Answering how I handle my family and friends while working in the adult industry.

9/9/20252 min read

How do I handle my family and friends with this job? I'll start by saying that my answer is not everyone's answer. Many people need to hide it for various reasons. Societal, familial, religious, cultural...and the list goes on. I came to the conclusion that I have no reason to hide what I do. I weighed things out very carefully, going over worst-case scenarios and any blowback that might happen to the people closest to me. I even sat down and had a talk with people who are frequently seen with me, post photos with me, or are around me a lot. Because I felt like they needed to be part of this decision since my choice could affect them in one of those previously mentioned ways.

I handle them by being honest and open about who I am, what I do, and why it is a legitimate business and form of work. No, not everyone is happy with it. No, not everyone accepts it. I am still opened about it.

My friends are much easier to handle. I run in circles that include a lot of musicians, kinksters, and nerds. Those three do tend to overlap in spaces. These are all circles where being open about what I do isn't usually met with rudeness or someone saying something awful. All of my friends know what I do. Many of them have genuine questions. Some of them ask me for advice about certain things, or ask where they can find something. Not a single friend or close friend has had a problem with my work.

In fact, many of my friends feel comfortable enough to come and speak with me if they want to explore with a partner or explore by themselves. They know I'm going to approach their question with no judgment and steer them in the right direction. I've had male friends ask me about toys for men, female friends ask me about exploring with partners and so much more. It's nice to have an open group of friends.

Family is a different story. My mom and step dad both know what I do. My mom isn't happy about it, and she has some unhealthy hangups, but she does accept it. I would assume the few relatives I'm in touch with also know by now. There is one family member who does not know and no one is going to tell that person. They're very much into incel and "alpha male" culture, pretty abusive and hateful toward women, and we have no relationship. Anyone in my family who knows about me has made it clear they won't be telling that person.
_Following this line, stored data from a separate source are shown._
lemma expect_bellman:
  assumes penv: "penv sa \<in> space (prob_algebra (borel \<Otimes>\<^sub>M S))"
    and pol: "pol \<in> S \<rightarrow>\<^sub>M prob_algebra A" and W: "integrable_laws S A W"
    and B: "bellman penv pol \<gamma> W sa \<in> space (prob_algebra borel)"
      "integrable (bellman penv pol \<gamma> W sa) (\<lambda>x. x)"
  shows "integrable (penv sa) (\<lambda>\<omega>. expect (bellman_next pol \<gamma> W \<omega>))"
    and "expect (bellman penv pol \<gamma> W sa) = (\<integral>\<omega>. expect (bellman_next pol \<gamma> W \<omega>) \<partial>penv sa)"
    and "AE \<omega> in penv sa. snd \<omega> \<in> space S
      \<and> integrable (pol (snd \<omega>)) (\<lambda>a'. fst \<omega> + \<gamma> * expect (W (snd \<omega>, a')))
      \<and> expect (bellman_next pol \<gamma> W \<omega>) = (\<integral>a'. fst \<omega> + \<gamma> * expect (W (snd \<omega>, a')) \<partial>pol (snd \<omega>))"
proof -
  interpret prob_space "penv sa"
    using penv by (simp add: space_prob_algebra)
  have space_penv: "space (penv sa) = UNIV \<times> space S"
    using penv sets_eq_imp_space_eq[of "penv sa" "borel \<Otimes>\<^sub>M S"]
    by (simp add: space_prob_algebra space_pair_measure)
  have K: "bellman_next pol \<gamma> W \<omega> \<in> space (subprob_algebra borel)" if "\<omega> \<in> space (penv sa)" for \<omega>
    using that space_penv bellman_next_in_space_subprob_algebra[OF pol W] by auto
  have bind_prob: "prob_space (penv sa \<bind> bellman_next pol \<gamma> W)"
    using B(1) by (simp add: space_prob_algebra bellman_eq_bind)
  moreover have "space (penv sa \<bind> bellman_next pol \<gamma> W) = space borel"
    using K not_empty by (intro space_bind) (auto simp: space_subprob_algebra)
  ultimately have "bellman_next pol \<gamma> W \<in> penv sa \<rightarrow>\<^sub>M subprob_algebra borel"
    using K by (intro measurable_kernel_if_bind_nonzero) (auto simp: emeasure_space_1 dest: prob_space.emeasure_space_1)
  note K_meas = this and expect_K = expect_bind[OF this B(2)[unfolded bellman_eq_bind]]
  show "integrable (penv sa) (\<lambda>\<omega>. expect (bellman_next pol \<gamma> W \<omega>))"
    by (fact expect_K(2))
  show "expect (bellman penv pol \<gamma> W sa) = (\<integral>\<omega>. expect (bellman_next pol \<gamma> W \<omega>) \<partial>penv sa)"
    using expect_K(3) by (simp add: bellman_eq_bind)
  show "AE \<omega> in penv sa. snd \<omega> \<in> space S
      \<and> integrable (pol (snd \<omega>)) (\<lambda>a'. fst \<omega> + \<gamma> * expect (W (snd \<omega>, a')))
      \<and> expect (bellman_next pol \<gamma> W \<omega>) = (\<integral>a'. fst \<omega> + \<gamma> * expect (W (snd \<omega>, a')) \<partial>pol (snd \<omega>))"
    using AE_emeasure_kernel_eq_1[OF prob_space_axioms K_meas bind_prob] expect_K(1) AE_space
  proof eventually_elim
    case (elim \<omega>)
    obtain r s' where \<omega>: "\<omega> = (r, s')" and s': "s' \<in> space S"
      using elim(3) space_penv by auto
    then show ?case
      using expect_bellman_next[OF pol W s', of \<gamma> r] elim by simp
  qed
qed

lemma expect_bellman_mono:
  assumes penv: "penv sa \<in> space (prob_algebra (borel \<Otimes>\<^sub>M S))"
    and pol: "pol \<in> S \<rightarrow>\<^sub>M prob_algebra A" and \<gamma>: "0 \<le> \<gamma>"
    and W: "integrable_laws S A W" and W': "integrable_laws S A W'"
    and le: "\<And>s a. s \<in> space S \<Longrightarrow> a \<in> space A \<Longrightarrow> expect (W (s, a)) \<le> expect (W' (s, a))"
    and B: "bellman penv pol \<gamma> W sa \<in> space (prob_algebra borel)"
      "integrable (bellman penv pol \<gamma> W sa) (\<lambda>x. x)"
    and B': "bellman penv pol \<gamma> W' sa \<in> space (prob_algebra borel)"
      "integrable (bellman penv pol \<gamma> W' sa) (\<lambda>x. x)"
  shows "expect (bellman penv pol \<gamma> W sa) \<le> expect (bellman penv pol \<gamma> W' sa)"
proof -
  note E = expect_bellman[OF penv pol W B] and E' = expect_bellman[OF penv pol W' B']
  have "(\<integral>\<omega>. expect (bellman_next pol \<gamma> W \<omega>) \<partial>penv sa) \<le> (\<integral>\<omega>. expect (bellman_next pol \<gamma> W' \<omega>) \<partial>penv sa)"
  proof (rule integral_mono_AE[OF E(1) E'(1)])
    show "AE \<omega> in penv sa. expect (bellman_next pol \<gamma> W \<omega>) \<le> expect (bellman_next pol \<gamma> W' \<omega>)"
      using E(3) E'(3)
    proof eventually_elim
      case (elim \<omega>)
      have "(\<integral>a'. fst \<omega> + \<gamma> * expect (W (snd \<omega>, a')) \<partial>pol (snd \<omega>))
          \<le> (\<integral>a'. fst \<omega> + \<gamma> * expect (W' (snd \<omega>, a')) \<partial>pol (snd \<omega>))"
        using elim le \<gamma> prob_kernel_apply(2)[OF pol]
        by (intro integral_mono) (auto intro: mult_left_mono)
      then show ?case
        using elim by simp
    qed
  qed
  then show ?thesis
    using E(2) E'(2) by simp
qed

lemma integrable_laws_truncate_field:
  assumes Z: "integrable_laws S A Z"
    and cont: "\<And>s a. s \<in> space S \<Longrightarrow> a \<in> space A \<Longrightarrow> continuous_on UNIV (cdf_of (Z (s, a)))"
    and \<eta>: "0 \<le> \<eta>" "\<eta> < 1"
  shows "integrable_laws S A (truncate_field \<eta> Z)"
    and "\<forall>s\<in>space S. \<forall>a\<in>space A. expect (truncate_field \<eta> Z (s, a)) \<le> expect (Z (s, a))"
  using truncate_mean_le[OF _ _ cont \<eta>] Z by (auto simp: integrable_laws_def truncate_field_def)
Sure, I have relatives who have some not so nice things to say. Either I shut them down with facts, or I tell them they're being stupid and cut the conversation off. It's a good idea to pick battles, and I don't have to get into every little thing they mention or have an issue with. Many times, friends and relatives are full of genuine questions instead of anger or poorly informed stereotypes. I try to be as understanding as possible when the bad stereotypes come into play, and make sure that I debunk those while I answer the questions.

For the most part, I handle everyone equally. I'm open and honest about what I do and who I am. I come armed with facts, figures, and understanding to make sure any questions are answered without issue.